Definition : Let z_{\cal{C}} = z_{\alpha/2} where {\cal{C}} = 1 - \alpha be the z-value, from the Standard Normal Distribution Table that corresponds to an area, between 0 and z_{\cal{C}} of {\cal{C}}/2 as shown in Figure 8.1.

Figure 8.1 : The z-distribution areas of interest associated with z_{\cal{C}} = z_{\alpha/2}.

To get our confidence interval we simply inverse z-transform the picture of Figure 8.1, taking the mean of 0 to the sample mean \bar{x} and the standard deviation of 1 to the standard error \sigma/\sqrt{n} as shown in Figure 8.2.

Figure 8.2 : The inverse z-transformation of Figure 8.1 gives the confidence interval for \mu.

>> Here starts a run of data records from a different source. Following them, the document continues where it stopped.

lemma induced_order_shuffle_step:
  assumes Q: "Q \<in> strict_orders_on (zero_positions n w)"
  shows "induced_order (zero_positions n w) (shuffle_step n (w, Q) id) = Q"
proof -
  have d: "(w, Q) \<in> step_data n" using Q by (simp add: step_data_def)
  have "Q \<subseteq> zero_positions n w \<times> zero_positions n w" using Q by (simp add: strict_orders_on_def)
  then show ?thesis
    using shuffle_step_less_iff[OF d permutes_id]
    by (auto simp: induced_order_def shuffle_order_def zero_positions_def)
qed

lemma bij_betw_shuffle_step_compatible_perms:
  "bij_betw (\<lambda>Q. shuffle_step n (w, Q) id) (strict_orders_on (zero_positions n w))
     (compatible_perms n w)"
proof (rule bij_betw_byWitness[where f' = "induced_order (zero_positions n w)"])
  show "(\<lambda>Q. shuffle_step n (w, Q) id) ` strict_orders_on (zero_positions n w) \<subseteq> compatible_perms n w"
    using shuffle_step_id_compatible by blast
  show "induced_order (zero_positions n w) ` compatible_perms n w \<subseteq> strict_orders_on (zero_positions n w)"
    by (auto intro!: induced_order_in_strict_orders_on permutes_inj_on simp: compatible_perms_def)
qed (auto simp: induced_order_shuffle_step compatible_perm_eq_shuffle_step[symmetric])

lemma pmf_of_set_compatible_perms:
  "pmf_of_set (compatible_perms n w) =
     map_pmf (\<lambda>Q. shuffle_step n (w, Q) id) (pmf_of_set (strict_orders_on (zero_positions n w)))"
  using bij_betw_shuffle_step_compatible_perms[of n w]
  by (auto simp: bij_betw_def map_pmf_of_set_inj strict_orders_on_nonempty
      finite_strict_orders_on zero_positions_def)

section \<open>Relabelling and iteration\<close>

lemma rank_perm_vimage:
  assumes t: "t permutes {1..n}"
  shows "rank_perm n (map_prod t t -` r) = rank_perm n r \<circ> t"
proof
  fix c
  show "rank_perm n (map_prod t t -` r) c = (rank_perm n r \<circ> t) c"
  proof (cases "c \<in> {1..n}")
    case c: True
    have "{y\<in>{1..n}. (y, t c) \<in> r} = {y\<in>t ` {1..n}. (y, t c) \<in> r}"
      unfolding permutes_image[OF t] ..
    also have "\<dots> = t ` {y\<in>{1..n}. (t y, t c) \<in> r}" by blast
    finally have "card {y\<in>{1..n}. (y, t c) \<in> r} = card {y\<in>{1..n}. (t y, t c) \<in> r}"
      using card_image[OF permutes_inj_on[OF t]] by simp
    then show ?thesis
      using c permutes_in_image[OF t, of c] by (simp add: rank_perm_def)
  qed (auto simp: rank_perm_def permutes_not_in[OF t])
qed

definition relabel :: "(nat \<Rightarrow> nat) \<Rightarrow> (nat \<Rightarrow> int) \<times> nat rel \<Rightarrow> (nat \<Rightarrow> int) \<times> nat rel" where
  "relabel t d = (fst d \<circ> t, map_prod t t -` snd d)"

lemma shuffle_step_relabel:
  assumes "t permutes {1..n}"
  shows "shuffle_step n (relabel t d) (s \<circ> t) = shuffle_step n d s \<circ> t"
proof -
  have "shuffle_order (fst d \<circ> t) (map_prod t t -` snd d) (s \<circ> t)
      = map_prod t t -` shuffle_order (fst d) (snd d) s"
    by (auto simp: shuffle_order_def)
  then show ?thesis
    using rank_perm_vimage[OF assms] by (simp add: shuffle_step_def relabel_def)
qed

So here is our recipe from Figure 8.2. The \cal{C}-confidence interval for the mean, under one of the two assumptions given above, is :

    \[ \bar{x} - z_{\alpha/2} \left( \frac{\sigma}{\sqrt{n}}\right) < \mu < \bar{x} + z_{\alpha/2} \left( \frac{\sigma}{\sqrt{n}}\right) \]

or using notation that we will use as a standard way of denoting symmetric confidence intervals

(8.1)   \begin{equation*} \bar{x} - E < \mu < \bar{x} + E \end{equation*}

where

    \[ E = z_{\cal{C}} \left( \frac{\sigma}{\sqrt{n}}\right). \]

The notation z_{\cal{C}} is more convenient for us than z_{\alpha/2} because we will use the t Distribution Table in the Appendix to find z_{\cal{C}} very quickly. We could equally well write

    \[ \mu = \bar{x} \pm E \]

but we will use Equation (8.1) because it explicitly gives the bounds for the confidence interval.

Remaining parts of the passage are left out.